While all of this is happening, Sammy is deep into his filmmaking. He stays up late making storyboards and recruiting his friends to act.

For one of his first big film showings at a boy scout meeting, he created an old western story. Immediately he watched it back and thought about how fake it looked. From the beginning, Sammy was so in tune with how to make a film have authenticity. 

He ended up solving the problem by poking holes in the film to create a flash of white whenever a gun was fired.

One of the standout moments in the film for me is when Burt and Mitzi sit the children down to break the news of their divorce. 

The scene ends with a shot of Sammy pointing a camera at the mirror, supposedly having filmed his parents’ divorce in real-time. 

In an interview on the podcast, Smartless, Spielberg talks about the scene. He said the camera in the mirror was metaphorical, a tool he wished he had during his parents’ divorce to help him understand his complicated feelings. 

This shot expertly shows that filmmaking isn’t just a hobby for Sammy, it’s a necessity. He needs to create films to process his own emotions and to get into the head of others around him. 

A perfect example of this is when Sammy makes a film of his mother and Bennie being head-over-heels for each other on a family camping trip. 

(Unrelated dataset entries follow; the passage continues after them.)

lemma Neg_eq_partner_Un:
  assumes x: "x \<in> V" and a: "pos x a" and partner: "Pos x \<inter> Pos a = {a'}"
  shows "Neg x = (Pos a \<inter> Neg x) \<union> (Pos a' \<inter> Neg x)"
proof -
  have a': "pos x a'" "pos a a'" using partner by blast+
  have partner': "Pos x \<inter> Pos a' = {a}" by (rule partner_sym[OF x a partner])
  have "card ((Pos a \<inter> Neg x) \<union> (Pos a' \<inter> Neg x)) = card (Pos a \<inter> Neg x) + card (Pos a' \<inter> Neg x)"
    by (rule card_Un_disjoint) (use finite_Neg Pos_Neg_partners_disjoint[OF x a a'] in auto)
  also have "\<dots> = card (Neg x)"
    using card_Pos_Neg_partner[OF x a partner] card_Pos_Neg_partner[OF x a'(1) partner'] card_Neg[OF x]
    by simp
  finally have "card ((Pos a \<inter> Neg x) \<union> (Pos a' \<inter> Neg x)) = card (Neg x)" .
  then show ?thesis
    using card_subset_eq[OF finite_Neg, of "(Pos a \<inter> Neg x) \<union> (Pos a' \<inter> Neg x)" x] by simp
qed

lemma card_grid_cell_le_1:
  assumes x: "x \<in> V" and a: "pos x a" and partner: "Pos x \<inter> Pos a = {a'}" and "b \<noteq> a"
  shows "card (Pos a \<inter> Pos b \<inter> Neg x) \<le> 1"
proof -
  have fin: "finite (Pos a \<inter> Neg x)" "finite (Pos a \<inter> Pos b \<inter> Neg x)"
    using finite_Neg by auto
  have "m = m'" if m: "m \<in> Pos a \<inter> Pos b \<inter> Neg x" and m': "m' \<in> Pos a \<inter> Pos b \<inter> Neg x" for m m'
  proof (rule ccontr)
    assume "m \<noteq> m'"
    have sub: "{m, m'} \<subseteq> Pos a \<inter> Neg x" using m m' by blast
    have "card {m, m'} = card (Pos a \<inter> Neg x)"
      using \<open>m \<noteq> m'\<close> card_Pos_Neg_partner[OF x a partner] by simp
    then have "Pos a \<inter> Neg x = {m, m'}"
      using card_subset_eq[OF fin(1) sub] by simp
    then have "pos m m'" by (rule pos_Neg_partner[OF x a partner])
    moreover have "m \<in> V" using m E_in_V by blast
    moreover have "a \<in> Pos m \<inter> Pos m'" "b \<in> Pos m \<inter> Pos m'"
      using m m' pos_sym by blast+
    ultimately have "a = b" using common_pos_nbr_unique by blast
    with \<open>b \<noteq> a\<close> show False by simp
  qed
  then have "card (Pos a \<inter> Pos b \<inter> Neg x) \<le> Suc 0"
    using card_le_Suc0_iff_eq[OF fin(2)] by blast
  then show ?thesis by simp
qed

lemma Pos_Neg_partner_split:
  assumes x: "x \<in> V" and b: "pos x b" and pb: "Pos x \<inter> Pos b = {b'}"
  shows "Pos a \<inter> Neg x = (Pos a \<inter> Pos b \<inter> Neg x) \<union> (Pos a \<inter> Pos b' \<inter> Neg x)"
proof -
  have "Pos a \<inter> Neg x = Pos a \<inter> ((Pos b \<inter> Neg x) \<union> (Pos b' \<inter> Neg x))"
    using Neg_eq_partner_Un[OF x b pb] by (rule arg_cong)
  also have "\<dots> = (Pos a \<inter> Pos b \<inter> Neg x) \<union> (Pos a \<inter> Pos b' \<inter> Neg x)"
    by blast
  finally show ?thesis .
qed

lemma grid_cell:
  assumes x: "x \<in> V" and a: "pos x a" and pa: "Pos x \<inter> Pos a = {a'}"
    and b: "pos x b" and pb: "Pos x \<inter> Pos b = {b'}" and "a \<noteq> b" "a \<noteq> b'"
  obtains c where "Pos a \<inter> Pos b \<inter> Neg x = {c}"
proof -
  have "card (Pos a \<inter> Neg x) \<le> card (Pos a \<inter> Pos b \<inter> Neg x) + card (Pos a \<inter> Pos b' \<inter> Neg x)"
    by (simp only: Pos_Neg_partner_split[OF x b pb] card_Un_le)
  then have "2 \<le> card (Pos a \<inter> Pos b \<inter> Neg x) + card (Pos a \<inter> Pos b' \<inter> Neg x)"
    using card_Pos_Neg_partner[OF x a pa] by simp
  moreover have "card (Pos a \<inter> Pos b \<inter> Neg x) \<le> 1" "card (Pos a \<inter> Pos b' \<inter> Neg x) \<le> 1"
    using card_grid_cell_le_1[OF x a pa] \<open>a \<noteq> b\<close> \<open>a \<noteq> b'\<close> by auto
  ultimately have "card (Pos a \<inter> Pos b \<inter> Neg x) = 1" by linarith
  then show ?thesis by (rule card_1_singletonE) (rule that)
qed

lemma pos_nbhd_partners:
  assumes x: "x \<in> V"
  obtains a1 a2 b1 b2 where "Pos x = {a1, a2, b1, b2}"
    "Pos x \<inter> Pos a1 = {a2}" "Pos x \<inter> Pos a2 = {a1}" "Pos x \<inter> Pos b1 = {b2}" "Pos x \<inter> Pos b2 = {b1}"
    "a1 \<noteq> b1" "a1 \<noteq> b2" "a2 \<noteq> b1" "a2 \<noteq> b2"
proof -
  have card_S: "card (Pos x) = 4" by (rule card_Pos[OF x])
  then obtain a1 where a1: "pos x a1"
    by (metis (no_types, lifting) card.empty ex_in_conv mem_Collect_eq zero_neq_numeral)
  obtain a2 where pa1: "Pos x \<inter> Pos a1 = {a2}"
    using common_pos_nbr_exists[OF x a1] .
  have pa2: "Pos x \<inter> Pos a2 = {a1}" by (rule partner_sym[OF x a1 pa1])
  have a2: "pos x a2" "pos a1 a2" using pa1 by blast+
  have "a1 \<noteq> a2" using a2(2) E_irrefl by blast
  then have "card (Pos x - {a1, a2}) = 2"
    using a1 a2(1) card_S finite_Pos by (simp add: card_Diff_subset)
  then obtain b1 b2 where b: "Pos x - {a1, a2} = {b1, b2}"
    by (meson card_2_iff)
  have b1: "pos x b1" "b1 \<noteq> a1" "b1 \<noteq> a2" and b2: "pos x b2" "b2 \<noteq> a1" "b2 \<noteq> a2"
    using b by blast+
  have Pos_x: "Pos x = {a1, a2, b1, b2}"
    using b a1 a2(1) by blast
  obtain b where pb1: "Pos x \<inter> Pos b1 = {b}"
    using common_pos_nbr_exists[OF x b1(1)] .
  have "b = b2"
  proof -
    have "pos x b" "pos b1 b" using pb1 by blast+
    moreover have "b \<noteq> a1" using pa1 \<open>pos b1 b\<close> b1 pos_sym by blast
    moreover have "b \<noteq> a2" using pa2 \<open>pos b1 b\<close> b1 pos_sym by blast
    moreover have "b \<noteq> b1" using \<open>pos b1 b\<close> E_irrefl by blast
    ultimately show ?thesis using Pos_x by blast
  qed
  with pb1 have pb1': "Pos x \<inter> Pos b1 = {b2}" by simp
  have pb2: "Pos x \<inter> Pos b2 = {b1}" by (rule partner_sym[OF x b1(1) pb1'])
  show ?thesis
    using that[OF Pos_x pa1 pa2 pb1' pb2] b1 b2 by blast
qed

lemma neg_nbhd_grid:
  assumes x: "x \<in> V" and Pos_x: "Pos x = {a1, a2, b1, b2}"
    and pa1: "Pos x \<inter> Pos a1 = {a2}" and pa2: "Pos x \<inter> Pos a2 = {a1}"
    and pb1: "Pos x \<inter> Pos b1 = {b2}" and pb2: "Pos x \<inter> Pos b2 = {b1}"
    and ab: "a1 \<noteq> b1" "a1 \<noteq> b2" "a2 \<noteq> b1" "a2 \<noteq> b2"
  obtains c11 c12 c21 c22 where
    "Pos a1 \<inter> Neg x = {c11, c12}" "Pos a2 \<inter> Neg x = {c21, c22}"
    "Pos b1 \<inter> Neg x = {c11, c21}" "Pos b2 \<inter> Neg x = {c12, c22}"
proof -
  have pos_x: "pos x a1" "pos x a2" "pos x b1" "pos x b2"
    using Pos_x by (simp_all add: set_eq_iff)
  obtain c11 where c11: "Pos a1 \<inter> Pos b1 \<inter> Neg x = {c11}"
    using grid_cell[OF x pos_x(1) pa1 pos_x(3) pb1 ab(1,2)] .
  obtain c12 where c12: "Pos a1 \<inter> Pos b2 \<inter> Neg x = {c12}"
    using grid_cell[OF x pos_x(1) pa1 pos_x(4) pb2 ab(2,1)] .
  obtain c21 where c21: "Pos a2 \<inter> Pos b1 \<inter> Neg x = {c21}"
    using grid_cell[OF x pos_x(2) pa2 pos_x(3) pb1 ab(3,4)] .
  obtain c22 where c22: "Pos a2 \<inter> Pos b2 \<inter> Neg x = {c22}"
    using grid_cell[OF x pos_x(2) pa2 pos_x(4) pb2 ab(4,3)] .
  have rows: "Pos a1 \<inter> Neg x = {c11, c12}" "Pos a2 \<inter> Neg x = {c21, c22}"
    by (simp_all only: Pos_Neg_partner_split[OF x pos_x(3) pb1] c11 c12 c21 c22) auto
  have "Pos b1 \<inter> Pos a1 \<inter> Neg x = {c11}" "Pos b2 \<inter> Pos a1 \<inter> Neg x = {c12}"
    "Pos b1 \<inter> Pos a2 \<inter> Neg x = {c21}" "Pos b2 \<inter> Pos a2 \<inter> Neg x = {c22}"
    by (simp_all only: Int_commute[of "Pos b1"] Int_commute[of "Pos b2"] c11 c12 c21 c22)
  then have cols: "Pos b1 \<inter> Neg x = {c11, c21}" "Pos b2 \<inter> Neg x = {c12, c22}"
    by (simp_all only: Pos_Neg_partner_split[OF x pos_x(1) pa1]) auto
  from rows cols show ?thesis by (rule that)
qed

Sammy keeps this film to himself for a while and it manifests inside him as resentment and anger towards his mother. He starts becoming increasingly short with her, at times refusing to talk to her and overall refusing to listen to her. 

When Mitzi has finally had enough of how Sammy is acting, she goes to confront him. This turns into a huge fight that ends with Mitzi slapping Sammy on the back. 

Mitzi then later comes to Sammy’s room begging for forgiveness and pleading with him to be open with her. Without a word, Sammy sets up his projector and leaves her to watch his film of her alone. 

I don’t believe that Sammy made this film to catch or embarrass his mother because he forgives her and promises to keep her secret. 

I think he made it to truly understand what was going on in Mitzi’s mind. How is it possible for your mom to be in love with anyone other than your dad? 

The second time the family moved was to California. This time Bennie is not brought along and Mitzi is slowly going crazy. She is much more aloof and impulsive, being driven away from her family because of her love for Bennie. 

Sammy is facing anti-Semitism at school, because not only is he the only new kid but he’s the only Jewish student. 

There is one boy in particular who starts to pick on him immediately. His bullying builds, and he harasses Sammy in the hallways and the locker room using slurs and intimidation. 

Sammy sees his chance to get back at this group of guys by telling the ringleader’s girlfriend that he has been cheating on her. This results in Sammy being beaten and forced to say he was lying. 

This brings new tension to the family. Sammy won’t tell his parents who beat him up or why, but he gets increasingly upset with his father for bringing them to a place where he is treated so horrendously, and gradually irritated by his mom’s constant mania. 

Sammy had stopped making movies in California. Mitzi was heartbroken because she loved seeing his movies, but Burt was proud because in his eyes Sammy had finally quit his hobby and was moving on to more adult things. 

This is until one day, Sammy brings his girlfriend home for dinner and she brings up how they need a photographer for a senior beach day. Mitzi insists that Sammy make a film for it and Burt protests, but after a heated argument, Sammy agrees to make the movie. 

This is how Sammy finds his passion for his craft again, and he knows he has to pursue filmmaking in the future because he has the overwhelming need to, no matter what his father says to him.

“The Fablemans” is one of the most truthful and honest movies I have ever seen. It is a slice of life tied together with beautiful cinematography and excerpt writing. The comedy and lightness of this film tied in with extremely serious moments make it feel so true. 

I will never get sick of seeing artists make art and this movie felt like reading a poem. You can feel the passion behind the film. Everything from the acting to the editing is perfectly in place, there is nothing about this movie that feels forced or unauthentic.